#### [Requirement]
The stretch wanted below opens at the line containing "m) \<le> Min" and closes at the line containing "m) \<longleftrightarrow> non_fractured". Please return it exactly, with no other lines.

#### [Record set]
---+---

lemma length_iterate: "k < length (iterate k)"
proof (induction k)
  case (Suc k)
  obtain u where u: "u \<noteq> []" "\<tau> a = a # u"
    using prolongable by (auto simp: prolongable_def)
  obtain v where v: "iterate k = a # v"
    using iterate_extends[of 0 k] by (auto simp: iterate_0)
  have "length v \<le> length (subst_word \<tau> v)"
    using set_iterate[of k] v by (intro length_subst_word_ge) auto
  then have "length (iterate k) < length (iterate (Suc k))"
    using u v by (cases u) (auto simp: iterate_Suc)
  with Suc show ?case by simp
qed (simp add: iterate_0)

lemma fixpoint_word_eq_iterate_nth:
  assumes "n < length (iterate k)"
  shows "x n = iterate k ! n"
proof -
  let ?k = "LEAST k. n < length (iterate k)"
  have "n < length (iterate ?k)" and "?k \<le> k"
    using assms by (auto intro: LeastI Least_le)
  moreover obtain s where "iterate k = iterate ?k @ s"
    using iterate_extends[OF \<open>?k \<le> k\<close>] by blast
  ultimately show ?thesis
    by (simp add: fixpoint_word_def iterate_def[symmetric] nth_append)
qed

lemma fixpoint_word_less: "x n < d"
  using fixpoint_word_eq_iterate_nth[OF length_iterate] nth_mem[OF length_iterate] set_iterate
  by fastforce
lemma zloc_add:
  assumes p: "prime p" and "x \<in> zloc p" and "y \<in> zloc p"
  shows "x + y \<in> zloc p"
proof -
  obtain a b where b: "\<not> int p dvd b" and x: "x = of_int a / of_int b"
    using assms zloc_iff by blast
  obtain c d where d: "\<not> int p dvd d" and y: "y = of_int c / of_int d"
    using assms zloc_iff by blast
  have "b \<noteq> 0" "d \<noteq> 0" using b d by auto
  then have "x + y = of_int (a * d + c * b) / of_int (b * d)" using x y by (simp add: field_simps)
  moreover have "\<not> int p dvd b * d" using b d p by (simp add: prime_dvd_mult_iff)
  ultimately show ?thesis using zloc_iff[OF p] by blast
qed

lemma zloc_uminus:
  assumes p: "prime p" and "x \<in> zloc p"
  shows "- x \<in> zloc p"
proof -
  obtain a b where "\<not> int p dvd b" and "x = of_int a / of_int b"
    using assms zloc_iff by blast
  then show ?thesis unfolding zloc_iff[OF p] by (intro exI[of _ "- a"] exI[of _ b]) simp
qed

lemma zloc_divide_int:
  assumes p: "prime p" and "x \<in> zloc p" and k: "\<not> int p dvd k"
  shows "x / of_int k \<in> zloc p"
proof -
  obtain a b where b: "\<not> int p dvd b" and x: "x = of_int a / of_int b"
    using assms zloc_iff by blast
  have "x / of_int k = of_int a / of_int (b * k)" using x by simp
  moreover have "\<not> int p dvd b * k" using b k p by (simp add: prime_dvd_mult_iff)
  ultimately show ?thesis using zloc_iff[OF p] by blast
qed

lemma zloc_half:
  assumes "prime p" and "odd p" and "x \<in> zloc p"
  shows "x / 2 \<in> zloc p"
proof -
  have "\<not> int p dvd 2"
  proof
    assume "int p dvd 2"
    then have "p dvd 2" by presburger
    then have "p \<le> 2" by (simp add: dvd_imp_le)
    then have "p = 2" using prime_ge_2_nat[OF assms(1)] by simp
    then show False using assms(2) by simp
  qed
  then show ?thesis using zloc_divide_int[OF assms(1,3), of 2] by simp
qed

lemma sum_mat_one_left: "(\<Sum>k<n. mat_one n i k * f k) = (if i < n then f i else 0)"
proof -
  have "(\<Sum>k<n. mat_one n i k * f k) = (\<Sum>k<n. if i = k then f k else 0)"
    by (intro sum.cong) (auto simp: mat_one_def)
  then show ?thesis by simp
qed

lemma sum_mat_one_right: "(\<Sum>k<n. f k * mat_one n k j) = (if j < n then f j else 0)"
proof -
  have "(\<Sum>k<n. f k * mat_one n k j) = (\<Sum>k<n. if j = k then f k else 0)"
    by (intro sum.cong) (auto simp: mat_one_def)
  then show ?thesis by simp
qed

lemma mat_vec_neg_mat_one: "mat_vec n (- mat_one n) v = (\<lambda>k. if k < n then - v k else 0)"
  by (simp add: mat_vec_def sum_negf sum_mat_one_left fun_eq_iff)

lemma mat_mult_neg_mat_one_left:
  "mat_mult n (- mat_one n) A = (\<lambda>i j. if i < n then - A i j else 0)"
  by (simp add: mat_mult_def sum_negf sum_mat_one_left fun_eq_iff)

lemma mat_mult_neg_mat_one_right:
  "mat_mult n A (- mat_one n) = (\<lambda>i j. if j < n then - A i j else 0)"
  by (simp add: mat_mult_def sum_negf sum_mat_one_right fun_eq_iff)

lemma neg_mat_one_in_orth_group:
  assumes "prime p"
  shows "- mat_one n \<in> orth_group n p"
proof -
  have "- mat_one n \<in> zmats n p"
    using zloc_of_int[OF assms, of 0] zloc_of_int[OF assms, of "- 1"]
    by (auto simp: zmats_def mat_one_def)
  moreover have "mat_mult n (- mat_one n) (- mat_one n) = mat_one n"
    unfolding mat_mult_neg_mat_one_left by (auto simp: mat_one_def fun_eq_iff)
  moreover have "qform n (mat_vec n (- mat_one n) v) = qform n v" for v
    unfolding qform_def mat_vec_neg_mat_one by (intro sum.cong) auto
  ultimately show ?thesis unfolding orth_group_def by blast
qed

lemma neg_mat_one_central:
  "A \<in> orth_group n p \<Longrightarrow> mat_mult n A (- mat_one n) = mat_mult n (- mat_one n) A"
  by (auto simp: mat_mult_neg_mat_one_left mat_mult_neg_mat_one_right orth_group_def zmats_def
      fun_eq_iff)

lemma mat_vec_add: "mat_vec n A (v + w) = mat_vec n A v + mat_vec n A w"
  by (simp add: mat_vec_def fun_eq_iff distrib_left sum.distrib)

lemma zvecs_zero: "prime p \<Longrightarrow> 0 \<in> zvecs n p"
  using zloc_of_int[of p 0] by (simp add: zvecs_def)

lemma zvecs_add: "prime p \<Longrightarrow> v \<in> zvecs n p \<Longrightarrow> w \<in> zvecs n p \<Longrightarrow> v + w \<in> zvecs n p"
  by (simp add: zvecs_def zloc_add)

lemma zvecs_uminus: "prime p \<Longrightarrow> v \<in> zvecs n p \<Longrightarrow> - v \<in> zvecs n p"
  by (simp add: zvecs_def zloc_uminus)

lemma zvecs_half: "prime p \<Longrightarrow> odd p \<Longrightarrow> v \<in> zvecs n p \<Longrightarrow> (\<lambda>k. v k / 2) \<in> zvecs n p"
  by (simp add: zvecs_def zloc_half)

theorem corollaryD:
  fixes p n i :: nat
  assumes "prime p" and "odd p" and "2 * i + 8 \<le> n"
  shows "group_homology_vanishes (orth_group n p) (mat_mult n) (mat_vec n) (zvecs n p) i"
proof -
  define half where "half v = (\<lambda>k. v k / 2)" for v :: "nat \<Rightarrow> rat"
  have "half (v + w) = half v + half w" for v w
    by (simp add: half_def fun_eq_iff add_divide_distrib)
  moreover have "half (mat_vec n A v) = mat_vec n A (half v)" for A v
    by (simp add: half_def mat_vec_def fun_eq_iff sum_divide_distrib)
  moreover have "half v - mat_vec n (- mat_one n) (half v) = v" if "v \<in> zvecs n p" for v
    using that by (auto simp: half_def mat_vec_neg_mat_one zvecs_def fun_eq_iff)
  ultimately show ?thesis
    using neg_mat_one_in_orth_group[OF assms(1)] neg_mat_one_central
      zvecs_zero[OF assms(1)] zvecs_add[OF assms(1)] zvecs_uminus[OF assms(1)]
      zvecs_half[OF assms(1,2)]
    by (intro center_kills_group_homology[where \<psi> = half]) (auto simp: mat_vec_add half_def)
qed
(* Let $X$ be a finite set, $t_1<\dots<t_M$ real numbers and $(\mathcal{P}^{t_m})_{m\le M}$ partitions of $X$, with associated continuous-indexed Multiscale Clustering Filtration $(K^t)_{t\ge t_1}$ and partitions $\mathcal{P}^t$. For each $t\ge t_1$, the $0$-th Betti number $\beta_0^t$ of $K^t$ satisfies: (i) $\beta_0^t\le \min_{s\le t}\#\mathcal{P}^s$; (ii) $\beta_0^t=\#\mathcal{P}^t$ if and only if $\mathcal{P}^t$ is non-fractured.
   Context: A partition of $X$ is a collection of non-empty pairwise disjoint subsets (clusters) whose union is $X$; $\#\mathcal{P}$ is its number of clusters. For partitions $\mathcal{P},\mathcal{Q}$, $\mathcal{P}\le\mathcal{Q}$ ($\mathcal{P}$ refines $\mathcal{Q}$) means every cluster of $\mathcal{P}$ is contained in a cluster of $\mathcal{Q}$. For a finite non-empty set $C$, $\Delta C$ is the set of all non-empty subsets of $C$. The MCF is $K^{t_m}:=\bigcup_{l\le m}\bigcup_{C\in\mathcal{P}^{t_l}}\Delta C$. For real $t$, set $\mathcal{P}^t:=\mathcal{P}^{t_m}$ where $m$ is the largest index with $t_m\le t$ (and $\mathcal{P}^t:=\mathcal{P}^{t_1}$ if $t<t_1$), and for $t\ge t_1$ set $K^t:=K^{t_m}$ with the same $m$. $\beta_0^t$ is the rank of $H_0(K^t)$, i.e. the number of connected components of $K^t$. The partition $\mathcal{P}^t$ is non-fractured if $\mathcal{P}^s\le\mathcal{P}^t$ for all $s\le t$, and fractured otherwise. *)

theory Defs
  imports Complex_Main "HOL-Library.Disjoint_Sets"
begin

text \<open>Partitions are indexed by m in {1..M}; times by t :: nat => real.\<close>

definition refines :: "'a set set \<Rightarrow> 'a set set \<Rightarrow> bool" where
  "refines P Q \<longleftrightarrow> (\<forall>C\<in>P. \<exists>D\<in>Q. C \<subseteq> D)"

definition Delta :: "'a set \<Rightarrow> 'a set set" where
  "Delta C = {S. S \<subseteq> C \<and> S \<noteq> {}}"

definition MCF :: "(nat \<Rightarrow> 'a set set) \<Rightarrow> nat \<Rightarrow> 'a set set" where
  "MCF P m = (\<Union>l\<in>{1..m}. \<Union>C\<in>P l. Delta C)"

text \<open>Largest index m in {1..M} with t_m <= s (meaningful for s >= t_1).\<close>
definition idx :: "(nat \<Rightarrow> real) \<Rightarrow> nat \<Rightarrow> real \<Rightarrow> nat" where
  "idx tt M s = (GREATEST m. m \<in> {1..M} \<and> tt m \<le> s)"

definition Pt :: "(nat \<Rightarrow> real) \<Rightarrow> nat \<Rightarrow> (nat \<Rightarrow> 'a set set) \<Rightarrow> real \<Rightarrow> 'a set set" where
  "Pt tt M P s = (if s < tt 1 then P 1 else P (idx tt M s))"

definition Kt :: "(nat \<Rightarrow> real) \<Rightarrow> nat \<Rightarrow> (nat \<Rightarrow> 'a set set) \<Rightarrow> real \<Rightarrow> 'a set set" where
  "Kt tt M P s = MCF P (idx tt M s)"

text \<open>Connected components of an abstract simplicial complex K: vertices are the
  elements of simplices, two vertices are adjacent if they lie in a common simplex;
  beta_0 is the number of classes of the transitive closure.\<close>
definition adj :: "'a set set \<Rightarrow> ('a \<times> 'a) set" where
  "adj K = {(x, y). \<exists>\<sigma>\<in>K. x \<in> \<sigma> \<and> y \<in> \<sigma>}"

definition beta0 :: "'a set set \<Rightarrow> nat" where
  "beta0 K = card ((\<Union>K) // ((adj K)\<^sup>+))"

definition non_fractured :: "(nat \<Rightarrow> real) \<Rightarrow> nat \<Rightarrow> (nat \<Rightarrow> 'a set set) \<Rightarrow> real \<Rightarrow> bool" where
  "non_fractured tt M P t \<longleftrightarrow> (\<forall>s\<le>t. refines (Pt tt M P s) (Pt tt M P t))"

end

theory Submission
  imports Defs
begin

text \<open>
  For a family of sets, adj relates two points lying in a common member; for a partition it is
  the equivalence relation whose classes are the clusters. The simplices of K^{t_m} are the
  non-empty subsets of clusters of P^{t_1}, ..., P^{t_m}, so its components are the classes of
  the transitive closure of the union of these relations: the finest common coarsening of the
  partitions. Coarsening only merges clusters, which gives (i). The coarsening has as many classes
  as P^{t_m} only if it equals P^{t_m}, and that happens exactly when every P^{t_l} with l <= m
  refines P^{t_m}, which gives (ii).
\<close>

lemma finite_refines_card_eq:
  assumes "finite (A//R)" "R \<subseteq> S" "equiv A R" "equiv A S" "card (A//S) = card (A//R)"
  shows "R = S"
proof
  have "card ((\<lambda>X. S``X) ` (A//R)) = card (A//R)"
    using assms by (simp add: refines_equiv_image_eq)
  then have inj: "inj_on (\<lambda>X. S``X) (A//R)"
    by (rule eq_card_imp_inj_on[OF assms(1)])
  show "S \<subseteq> R"
  proof
    fix p assume "p \<in> S"
    then obtain x y where p: "p = (x, y)" "(x, y) \<in> S" by (cases p) auto
    then have A: "x \<in> A" "y \<in> A" using assms(4) by (auto dest: equiv_type)
    have "S``(R``{x}) = S``(R``{y})"
      using assms(2-4) p(2) by (simp add: refines_equiv_class_eq2 equiv_class_eq)
    then have "R``{x} = R``{y}"
      by (rule inj_onD[OF inj _ quotientI[OF A(1)] quotientI[OF A(2)]])
    then show "p \<in> R" using assms(3) A p(1) by (simp add: eq_equiv_class_iff)
  qed
qed (rule assms(2))

lemma equiv_trancl_UN:
  assumes "I \<noteq> {}" "\<And>i. i \<in> I \<Longrightarrow> equiv A (R i)"
  shows "equiv A ((\<Union>i\<in>I. R i)\<^sup>+)"
proof (rule equivI)
  show "(\<Union>i\<in>I. R i)\<^sup>+ \<subseteq> A \<times> A"
    using assms(2) by (intro trancl_subset_Sigma) (auto dest: equiv_type)
  obtain i where "i \<in> I" using assms(1) by blast
  then show "refl_on A ((\<Union>i\<in>I. R i)\<^sup>+)"
    using assms(2) equiv_type[OF assms(2)] by (force simp: refl_on_def equiv_def)
  show "sym ((\<Union>i\<in>I. R i)\<^sup>+)"
    using assms(2) by (intro sym_trancl sym_UNION) (auto simp: equiv_def)
qed simp

lemma equiv_adj_partition: "partition_on A P \<Longrightarrow> equiv A (adj P)"
  unfolding adj_def by (rule equiv_partition_on)

lemma quotient_adj_partition: "partition_on A P \<Longrightarrow> A // adj P = P"
  unfolding adj_def by (rule partition_on_eq_quotient)

lemma refines_iff_adj_subset:
  assumes P: "partition_on A P" and Q: "partition_on A Q"
  shows "refines P Q \<longleftrightarrow> adj P \<subseteq> adj Q"
proof
  assume ref: "refines P Q"
  show "adj P \<subseteq> adj Q"
  proof
    fix p assume "p \<in> adj P"
    then obtain C x y where C: "C \<in> P" "x \<in> C" "y \<in> C" "p = (x, y)" by (auto simp: adj_def)
    moreover obtain D where "D \<in> Q" "C \<subseteq> D" using ref C(1) by (auto simp: refines_def)
    ultimately show "p \<in> adj Q" by (auto simp: adj_def)
  qed
next
  assume sub: "adj P \<subseteq> adj Q"
  show "refines P Q" unfolding refines_def
  proof
    fix C assume C: "C \<in> P"
    have "C \<noteq> {}" using C partition_onD3[OF P] by auto
    then obtain x where x: "x \<in> C" by blast
    then have "x \<in> \<Union>Q" using C partition_onD1[OF P] partition_onD1[OF Q] by blast
    then obtain D where D: "D \<in> Q" "x \<in> D" by blast
    have "C \<subseteq> D"
    proof
      fix y assume "y \<in> C"
      then have "(x, y) \<in> adj Q" using sub C x by (auto simp: adj_def)
      then obtain D' where D': "D' \<in> Q" "x \<in> D'" "y \<in> D'" by (auto simp: adj_def)
      then have "D' = D" using D disjointD[OF partition_onD2[OF Q]] by blast
      then show "y \<in> D" using D' by simp
    qed
    then show "\<exists>D\<in>Q. C \<subseteq> D" using D(1) by blast
  qed
qed

lemma Union_MCF: "\<Union> (MCF P m) = (\<Union>l\<in>{1..m}. \<Union> (P l))"
  unfolding MCF_def Delta_def by blast

lemma adj_MCF: "adj (MCF P m) = (\<Union>l\<in>{1..m}. adj (P l))"
  unfolding adj_def MCF_def Delta_def by blast

context
  fixes X :: "'a set" and P :: "nat \<Rightarrow> 'a set set" and m :: nat
  assumes finite_X: "finite X" and m_pos: "1 \<le> m"
    and partitions: "\<And>l. l \<in> {1..m} \<Longrightarrow> partition_on X (P l)"
begin

lemma beta0_MCF_eq_card_quotient: "beta0 (MCF P m) = card (X // (\<Union>l\<in>{1..m}. adj (P l))\<^sup>+)"
proof -
  have "\<Union> (MCF P m) = X"
    using m_pos partitions by (auto simp: Union_MCF partition_on_def)
  then show ?thesis by (simp add: beta0_def adj_MCF)
qed

lemma equiv_MCF_components: "equiv X ((\<Union>l\<in>{1..m}. adj (P l))\<^sup>+)"
  using m_pos partitions by (intro equiv_trancl_UN equiv_adj_partition) auto

lemma adj_subset_MCF_components:
  "l \<in> {1..m} \<Longrightarrow> adj (P l) \<subseteq> (\<Union>l\<in>{1..m}. adj (P l))\<^sup>+"
  by (blast intro: r_into_trancl')

lemma beta0_MCF_le_card:
  assumes l: "l \<in> {1..m}"
  shows "beta0 (MCF P m) \<le> card (P l)"
proof -
  have part: "partition_on X (P l)" using partitions l .
  have "card (X // (\<Union>l\<in>{1..m}. adj (P l))\<^sup>+) \<le> card (X // adj (P l))"
    by (rule finite_refines_card_le[OF _ adj_subset_MCF_components[OF l]
          equiv_adj_partition[OF part] equiv_MCF_components])
      (simp add: quotient_adj_partition[OF part] finite_elements[OF finite_X part])
  then show ?thesis
    by (simp add: beta0_MCF_eq_card_quotient quotient_adj_partition[OF part])
qed

lemma beta0_MCF_eq_card_iff:
  "beta0 (MCF P m) = card (P m) \<longleftrightarrow> (\<forall>l\<in>{1..m}. refines (P l) (P m))"
proof -
  let ?R = "(\<Union>l\<in>{1..m}. adj (P l))\<^sup>+"
  have m: "m \<in> {1..m}" using m_pos by simp
  note part = partitions[OF m] and adj_sub = adj_subset_MCF_components[OF m]
  have "beta0 (MCF P m) = card (P m) \<longleftrightarrow> ?R = adj (P m)"
  proof
    assume "beta0 (MCF P m) = card (P m)"
    then have "card (X // ?R) = card (X // adj (P m))"
      by (simp add: beta0_MCF_eq_card_quotient quotient_adj_partition[OF part])
    with finite_elements[OF finite_X part] have "adj (P m) = ?R"
      by (intro finite_refines_card_eq[OF _ adj_sub equiv_adj_partition[OF part]
          equiv_MCF_components]) (simp_all add: quotient_adj_partition[OF part])
    then show "?R = adj (P m)" ..
  qed (simp add: beta0_MCF_eq_card_quotient quotient_adj_partition[OF part])
  also have "\<dots> \<longleftrightarrow> (\<forall>l\<in>{1..m}. adj (P l) \<subseteq> adj (P m))"
  proof
    assume "\<forall>l\<in>{1..m}. adj (P l) \<subseteq> adj (P m)"
    then have "?R \<subseteq> (adj (P m))\<^sup>+" by (intro trancl_mono_subset) blast
    also have "\<dots> = adj (P m)"
      using equiv_adj_partition[OF part] by (simp add: equiv_def)
    finally show "?R = adj (P m)" using adj_sub by blast
  qed (use adj_subset_MCF_components in blast)
  also have "\<dots> \<longleftrightarrow> (\<forall>l\<in>{1..m}. refines (P l) (P m))"
    using refines_iff_adj_subset[OF partitions part] by blast
  finally show ?thesis .
qed

end

context
  fixes tt :: "nat \<Rightarrow> real" and M :: nat
  assumes M_pos: "1 \<le> M"
    and tt_strict_mono: "\<And>i j. 1 \<le> i \<Longrightarrow> i < j \<Longrightarrow> j \<le> M \<Longrightarrow> tt i < tt j"
begin

lemma
  assumes "tt 1 \<le> s"
  shows idx_in_range: "idx tt M s \<in> {1..M}"
    and tt_idx_le: "tt (idx tt M s) \<le> s"
    and le_idx: "k \<in> {1..M} \<Longrightarrow> tt k \<le> s \<Longrightarrow> k \<le> idx tt M s"
proof -
  let ?admissible = "\<lambda>k. k \<in> {1..M} \<and> tt k \<le> s"
  have bounded: "\<And>k. ?admissible k \<Longrightarrow> k \<le> M" by simp
  have "?admissible 1" using assms M_pos by simp
  then have "?admissible (idx tt M s)"
    unfolding idx_def by (rule GreatestI_nat) (rule bounded)
  then show "idx tt M s \<in> {1..M}" "tt (idx tt M s) \<le> s" by auto
  show "k \<le> idx tt M s" if "k \<in> {1..M}" "tt k \<le> s" for k
    unfolding idx_def using that by (intro Greatest_le_nat[of ?admissible k M]) auto
qed

lemma tt_mono: "l \<in> {1..M} \<Longrightarrow> k \<le> l \<Longrightarrow> 1 \<le> k \<Longrightarrow> tt k \<le> tt l"
  using tt_strict_mono[of k l] by (cases "k = l") auto

lemma idx_tt:
  assumes l: "l \<in> {1..M}"
  shows "idx tt M (tt l) = l"
  unfolding idx_def
proof (rule Greatest_equality)
  show "l \<in> {1..M} \<and> tt l \<le> tt l" using l by simp
  fix k assume "k \<in> {1..M} \<and> tt k \<le> tt l"
  then show "k \<le> l" using l tt_strict_mono[of l k] by force
qed

lemma Pt_tt:
  assumes l: "l \<in> {1..M}"
  shows "Pt tt M P (tt l) = P l"
proof -
  have "tt 1 \<le> tt l" using l by (intro tt_mono) auto
  then show ?thesis by (simp add: Pt_def idx_tt[OF l])
qed

lemma Pt_history:
  assumes t: "tt 1 \<le> t"
  shows "Pt tt M P ` {..t} = P ` {1..idx tt M t}"
proof (intro equalityI subsetI)
  fix Q assume "Q \<in> Pt tt M P ` {..t}"
  then obtain s where s: "s \<le> t" "Q = Pt tt M P s" by auto
  show "Q \<in> P ` {1..idx tt M t}"
  proof (cases "s < tt 1")
    case True
    then show ?thesis using s idx_in_range[OF t] by (simp add: Pt_def)
  next
    case False
    then have s1: "tt 1 \<le> s" by simp
    have "idx tt M s \<le> idx tt M t"
      using idx_in_range[OF s1] tt_idx_le[OF s1] s(1) by (intro le_idx[OF t]) auto
    then show ?thesis
      using False s idx_in_range[OF s1] by (simp add: Pt_def)
  qed
next
  fix Q assume "Q \<in> P ` {1..idx tt M t}"
  then obtain l where l: "l \<in> {1..idx tt M t}" "Q = P l" by blast
  then have lM: "l \<in> {1..M}" using idx_in_range[OF t] by auto
  have "tt l \<le> tt (idx tt M t)"
    using l(1) idx_in_range[OF t] by (intro tt_mono) auto
  then have "tt l \<le> t" using tt_idx_le[OF t] by linarith
  then show "Q \<in> Pt tt M P ` {..t}"
    using l(2) Pt_tt[OF lM, of P] by (intro image_eqI[of _ _ "tt l"]) auto
qed

end

theorem proposition3:
  fixes X :: "'a set" and M :: nat and tt :: "nat \<Rightarrow> real"
    and P :: "nat \<Rightarrow> 'a set set" and t :: real
  assumes "finite X"
    and "M \<ge> 1"
    and "\<And>i j. 1 \<le> i \<Longrightarrow> i < j \<Longrightarrow> j \<le> M \<Longrightarrow> tt i < tt j"
    and "\<And>m. m \<in> {1..M} \<Longrightarrow> partition_on X (P m)"
    and "t \<ge> tt 1"
  shows "beta0 (Kt tt M P t) \<le> Min {card (Pt tt M P s) | s. s \<le> t}
    \<and> (beta0 (Kt tt M P t) = card (Pt tt M P t) \<longleftrightarrow> non_fractured tt M P t)"
proof -
  define m where "m = idx tt M t"
  have m: "m \<in> {1..M}" unfolding m_def using assms(2,3,5) by (rule idx_in_range)
  have partitions: "\<And>l. l \<in> {1..m} \<Longrightarrow> partition_on X (P l)" using m assms(4) by simp
  have K: "Kt tt M P t = MCF P m" by (simp add: Kt_def m_def)
  have Pt: "Pt tt M P t = P m" using assms(5) by (simp add: Pt_def m_def)
  have history: "Pt tt M P ` {..t} = P ` {1..m}"
    unfolding m_def using assms(2,3,5) by (rule Pt_history)
  have "{card (Pt tt M P s) | s. s \<le> t} = card ` Pt tt M P ` {..t}"
    by (auto simp: setcompr_eq_image atMost_def)
  then have cards: "{card (Pt tt M P s) | s. s \<le> t} = card ` P ` {1..m}"
    by (simp only: history)
  have "non_fractured tt M P t \<longleftrightarrow> (\<forall>Q \<in> Pt tt M P ` {..t}. refines Q (Pt tt M P t))"
    by (auto simp: non_fractured_def)
  then have non_fractured_iff: "non_fractured tt M P t \<longleftrightarrow> (\<forall>l\<in>{1..m}. refines (P l) (P m))"
    by (simp add: history Pt)
  have m_pos: "1 \<le> m" using m by simp
  have "beta0 (MCF P m) \<le> Min (card ` P ` {1..m})"
    using m_pos beta0_MCF_le_card[where P=P, OF assms(1) m_pos partitions] by (subst Min_ge_iff) auto
  moreover have "beta0 (MCF P m) = card (P m) \<longleftrightarrow> non_fractured tt M P t"
    using beta0_MCF_eq_card_iff[where P=P, OF assms(1) m_pos partitions] non_fractured_iff by simp
  ultimately show ?thesis by (simp add: K Pt cards)
qed

end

---+---

#### [Written answer]
  have "beta0 (MCF P m) \<le> Min (card ` P ` {1..m})"
    using m_pos beta0_MCF_le_card[where P=P, OF assms(1) m_pos partitions] by (subst Min_ge_iff) auto
  moreover have "beta0 (MCF P m) = card (P m) \<longleftrightarrow> non_fractured tt M P t"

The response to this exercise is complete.